While India’s score was at an all-time high at 0.57 (on a scale of 0-1) in 2013, it had declined to 0.34 by the end of 2020 — a loss of 23 percentage points in seven years. “Most of the decline occurred following BJP’s victory in 2014 and their Hindu nationalist agenda,” says the report.
“India is, in this aspect (censorship) now as autocratic as is Pakistan, and worse than both its neighbors Bangladesh and Nepal. In general, the Modi-led government in India has used laws on sedition, defamation, and counterterrorism to silence critics. For example, over 7,000 people have been charged with sedition after the BJP assumed power and most of the accused are critics of the ruling party,” says the report.
It adds that the use of defamation “frequently used to silence journalists” and the use of the Unlawful Activities Prevention Act (UAPA) have placed constraints on civil society and gone against the Constitution’s commitment to secularism.
“Amended in August 2019 (it) is being used to harass, intimidate, and imprison political opponents, as well as people mobilizing to protest government policies. The UAPA has been used also to silence dissent in academia. Universities and authorities have also punished students and activists in universities engaging in protests against the Citizenship Amendment Act (CAA).”

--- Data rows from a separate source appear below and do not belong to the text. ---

lemma shape_coeff_pcomp_commutator_left:
  fixes f g :: "'a::comm_ring_1 elem"
  assumes "commutator_multiple f" "finite (supp g)"
  shows "shape_coeff balanced_shape (pcomp i k f g) = 0"
proof -
  have "shape (pcomp_tree i k a b) \<noteq> balanced_shape" if "a \<in> {x1x2, x2x1}" for a b
    using that by (auto simp: pcomp_tree_def balanced_shape_def x1x2_def x2x1_def split: if_splits)
  then show ?thesis
    using assms commutator_multiple_finite_supp[OF assms(1)]
    by (auto simp: shape_coeff_pcomp commutator_multiple_def intro!: sum.neutral)
qed

section \<open>Primitive elements\<close>

lemma graft_map_Some: "2 \<le> length ts \<Longrightarrow> graft (map Some ts) = Some (Node ts)"
  by (cases ts rule: remdups_adj.cases) (auto simp: graft_def List.map_filter_def)

lemma graft_map_None: "graft (map (\<lambda>_. None) ts) = None"
  by (simp add: graft_def List.map_filter_def comp_def)

lemma trivial_splittings_in_delta:
  assumes "is_reduced t"
  shows "(Some t, None) \<in> set (delta t) \<and> (None, Some t) \<in> set (delta t)"
  using assms
proof (induction t)
  case (Leaf i)
  then show ?case by simp
next
  case (Node ts)
  let ?split = "\<lambda>ps. (graft (map fst ps), graft (map snd ps))"
  let ?l = "map (\<lambda>t. (Some t, None)) ts" and ?r = "map (\<lambda>t. (None, Some t)) ts"
  have l: "?l \<in> set (product_lists (map delta ts))"
    and r: "?r \<in> set (product_lists (map delta ts))"
    using Node by (auto simp: product_lists_set list_all2_map1 list_all2_map2 list.rel_refl_strong)
  have "(Some (Node ts), None) \<in> ?split ` set (product_lists (map delta ts))"
    by (rule rev_image_eqI[OF l])
      (use Node.prems in \<open>simp add: comp_def graft_map_Some graft_map_None\<close>)
  moreover have "(None, Some (Node ts)) \<in> ?split ` set (product_lists (map delta ts))"
    by (rule rev_image_eqI[OF r])
      (use Node.prems in \<open>simp add: comp_def graft_map_Some graft_map_None\<close>)
  ultimately show ?case
    by (simp only: delta.simps set_map)
qed

lemma coadd_eq_sum:
  assumes "finite A" "supp f \<subseteq> A"
  shows "coadd f p = (\<Sum>T\<in>A. f T * of_nat (count_list (delta T) p))"
  unfolding coadd_def
  by (rule sum.mono_neutral_left) (use assms in \<open>auto simp: supp_def\<close>)

lemma primitiveI:
  fixes f :: "'a::semiring_1 elem"
  assumes "finite A" "supp f \<subseteq> A" "\<forall>T\<in>A. is_reduced T"
    and "\<forall>T\<in>A. \<forall>p\<in>set (delta T). coadd f p = prim_rhs f p"
  shows "primitive f"
  unfolding primitive_def
proof
  fix p
  show "coadd f p = prim_rhs f p"
  proof (cases "\<exists>T\<in>A. p \<in> set (delta T)")
    case True
    then show ?thesis using assms(4) by blast
  next
    case False
    then have "coadd f p = 0"
      by (simp add: coadd_eq_sum[OF assms(1,2)] count_list_0_iff)
    moreover have "prim_rhs f p = 0"
    proof -
      have vanish: "f t = 0" if "p = (Some t, None) \<or> p = (None, Some t)" for t
      proof (rule ccontr)
        assume "f t \<noteq> 0"
        then have "t \<in> A" using assms(2) by (auto simp: supp_def)
        then show False using False that trivial_splittings_in_delta[of t] assms(3) by blast
      qed
      then show ?thesis unfolding prim_rhs_def by (simp split: prod.split option.split)
    qed
    ultimately show ?thesis by simp
  qed
qed

lemma primitive_finite_supp:
  assumes "primitive f"
  shows "finite (supp f)"
proof (rule ccontr)
  assume infinite: "infinite (supp f)"
  \<comment> \<open>then the sum defining coadd f is the junk value 0, which forces f = 0\<close>
  have "f t = 0" for t
  proof -
    have "f t = prim_rhs f (Some t, None)" by (simp add: prim_rhs_def)
    also have "\<dots> = coadd f (Some t, None)" using assms by (simp add: primitive_def)
    also have "\<dots> = 0" using infinite by (simp add: coadd_def)
    finally show ?thesis .
  qed
  then show False using infinite by (simp add: supp_def)
qed

lemma is_binary_imp_is_reduced: "is_binary t \<Longrightarrow> is_reduced t"
  by (induction t) auto

lemma PrimMag_subset_PrimOmega: "PrimMag n \<subseteq> PrimOmega n"
  by (auto simp: PrimMag_def PrimOmega_def is_binary_imp_is_reduced)

lemma length_children_le_length_leaves:
  "(\<And>u. u \<in> set ts \<Longrightarrow> 1 \<le> length (leaves u))
    \<Longrightarrow> length ts \<le> length (leaves (Node ts))"
  using sum_list_mono[of ts "\<lambda>_. 1" "\<lambda>u. length (leaves u)"]
  by (simp add: sum_list_triv length_concat comp_def)

lemma length_leaves_reduced_ge_1: "is_reduced t \<Longrightarrow> 1 \<le> length (leaves t)"
proof (induction t)
  case (Node ts)
  then show ?case
    using length_children_le_length_leaves[of ts] by fastforce
qed simp

lemma reduced_one_leaf:
  assumes "is_reduced t" "length (leaves t) = 1"
  shows "\<exists>i. t = Leaf i"
proof (cases t)
  case (Node ts)
  then show ?thesis
    using assms length_children_le_length_leaves[of ts] length_leaves_reduced_ge_1 by fastforce
qed simp

lemma reduced_multilinear_2:
  assumes "is_reduced T" "multilinear 2 T"
  shows "T = x1x2 \<or> T = x2x1"
proof -
  have leaves: "mset (leaves T) = {#1, 2#}"
    using assms(2) by (simp add: multilinear_def numeral_2_eq_2)
  then have two: "length (leaves T) = 2"
    by (metis size_mset size_add_mset size_empty numeral_2_eq_2 One_nat_def)
  then obtain ts where T: "T = Node ts"
    by (cases T) auto
  have "2 \<le> length ts" "length ts \<le> 2"
    using assms(1) two length_children_le_length_leaves[of ts] length_leaves_reduced_ge_1
    by (auto simp: T)
  then obtain a b where ts: "ts = [a, b]"
    by (metis le_antisym length_0_conv length_Suc_conv numeral_2_eq_2)
  have reduced: "is_reduced a" "is_reduced b"
    using assms(1) by (simp_all add: T ts)
  then have "length (leaves a) = 1" "length (leaves b) = 1"
    using two length_leaves_reduced_ge_1[of a] length_leaves_reduced_ge_1[of b] by (auto simp: T ts)
  then obtain x y where "a = Leaf x" "b = Leaf y"
    using reduced reduced_one_leaf by metis
  with leaves have "T = Node [Leaf x, Leaf y]" "{#x, y#} = {#1, 2#}"
    by (simp_all add: T ts)
  then show ?thesis
    by (auto simp: x1x2_def x2x1_def add_eq_conv_ex)
qed

lemma PrimOmega_2_commutator_multiple:
  fixes f :: "'a::comm_ring_1 elem"
  assumes "f \<in> PrimOmega 2"
  shows "commutator_multiple f"
proof -
  have prim: "primitive f" and supp_f: "supp f \<subseteq> {x1x2, x2x1}"
    using assms reduced_multilinear_2 by (auto simp: PrimOmega_def)
  let ?p = "(Some (Leaf 1), Some (Leaf 2))"
  have "0 = coadd f ?p"
    using prim by (simp add: primitive_def prim_rhs_def)
  also have "\<dots> = (\<Sum>T\<in>{x1x2, x2x1}. f T * of_nat (count_list (delta T) ?p))"
    by (rule coadd_eq_sum) (use supp_f in auto)
  also have "\<dots> = f x1x2 + f x2x1"
    by (simp add: x1x2_def x2x1_def graft_def List.map_filter_def)
  finally show ?thesis
    using supp_f by (simp add: commutator_multiple_def eq_neg_iff_add_eq_0 add.commute)
qed

section \<open>The suboperad generated in arities 2 and 3\<close>

lemma gen_arity_invariant:
  fixes P :: "nat \<Rightarrow> 'a::comm_ring_1 elem set"
  assumes "P 2 \<subseteq> PrimOmega 2" "P 3 \<subseteq> PrimOmega 3"
    and "(n, f) \<in> gen P"
  shows "2 \<le> n \<and> finite (supp f) \<and> (n = 2 \<longrightarrow> commutator_multiple f)
           \<and> (n = 4 \<longrightarrow> shape_coeff balanced_shape f = 0)"
  using assms(3)
proof (induction rule: gen.induct)
  case (base n f)
  then have Prim: "f \<in> PrimOmega n" using assms(1,2) by auto
  then have "finite (supp f)"
    by (simp add: PrimOmega_def primitive_finite_supp)
  then show ?case
    using base.hyps Prim PrimOmega_2_commutator_multiple by auto
next
  case (comp m f k g i)
  have m: "2 \<le> m" "finite (supp f)" and k: "2 \<le> k" "finite (supp g)"
    using comp.IH by auto
  have "shape_coeff balanced_shape (pcomp i k f g) = 0" if "m + k - 1 = 4"
  proof -
    from that m k consider "m = 2" | "k = 2" by linarith
    then show ?thesis
    proof cases
      case 1
      then have "commutator_multiple f" using comp.IH by simp
      then show ?thesis using k(2) by (rule shape_coeff_pcomp_commutator_left)
    next
      case 2
      then have "commutator_multiple g" using comp.IH by simp
      then show ?thesis using shape_coeff_pcomp_commutator_right[OF m(2)] 2 by simp
    qed
  qed
  moreover have "finite (supp (pcomp i k f g))"
    using m k by (simp add: finite_supp_pcomp)
  moreover have "2 < m + k - 1"
    using m k by linarith
  ultimately show ?case
    by simp
next
  case (perm n f \<sigma>)
  have bij: "bij \<sigma>" using perm.hyps(2) by (rule permutes_bij)
  have "finite (supp (act \<sigma> f))"
    using perm.IH by (simp add: supp_act[OF bij])
  moreover have "commutator_multiple (act \<sigma> f)" if "n = 2"
    using commutator_multiple_act[of f \<sigma>] perm.IH perm.hyps(2) that by simp
  ultimately show ?case
    using perm.IH by (simp add: shape_coeff_act[OF bij])
next
  case (add n f g)
  have "supp (\<lambda>T. f T + g T) \<subseteq> supp f \<union> supp g" by (auto simp: supp_def)
  then have "finite (supp (\<lambda>T. f T + g T))"
    by (rule finite_subset) (use add.IH in simp)
  then show ?case
    using add.IH by (simp add: shape_coeff_add commutator_multiple_add)
next
  case (smult n f c)
  have "supp (\<lambda>T. c * f T) \<subseteq> supp f" by (auto simp: supp_def)
  then have "finite (supp (\<lambda>T. c * f T))"
    by (rule finite_subset) (use smult.IH in simp)
  then show ?case
    using smult.IH by (simp add: shape_coeff_smult commutator_multiple_smult)
qed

The report notes that civil society is being increasingly muzzled while organisations aligned with the “Hindutva movement” have gained freedom. “The BJP have increasingly used the Foreign Contributions Regulation Act (FCRA) to restrict the entry, exit and functioning of Civil Society Organisations (CSO),” it says.
Democracy on the decline
The fifth annual report by the organisation summarises the state of democracies of the world against the backdrop of developments that have taken place over the past decade.
The report finds that liberal democracies have diminished over the past decade from 41 countries to 32 countries.
“The global decline during the past 10 years is steep and continues in 2020, especially in the Asia-Pacific region, Central Asia, Eastern Europe, and Latin America. The level of democracy enjoyed by the average global citizen in 2020 is down to levels last found around 1990,” says the report.
It adds that what it calls “electoral autocracies” remain the most popular regime type, and along with closed autocracies, number 87 states, home to 68 per cent of the world’s population.
It also notes an accelerating wave of autocratisation engulfing 25 nations, home to one-third of the world’s population — that is 2.6 billion people. “Several G20 nations such as Brazil, India, Turkey, and the United States of America are part of this drift,” says the report.
It also notes that the number of democratising countries has dropped by almost half to 16, hosting a mere 4 per cent of the global population.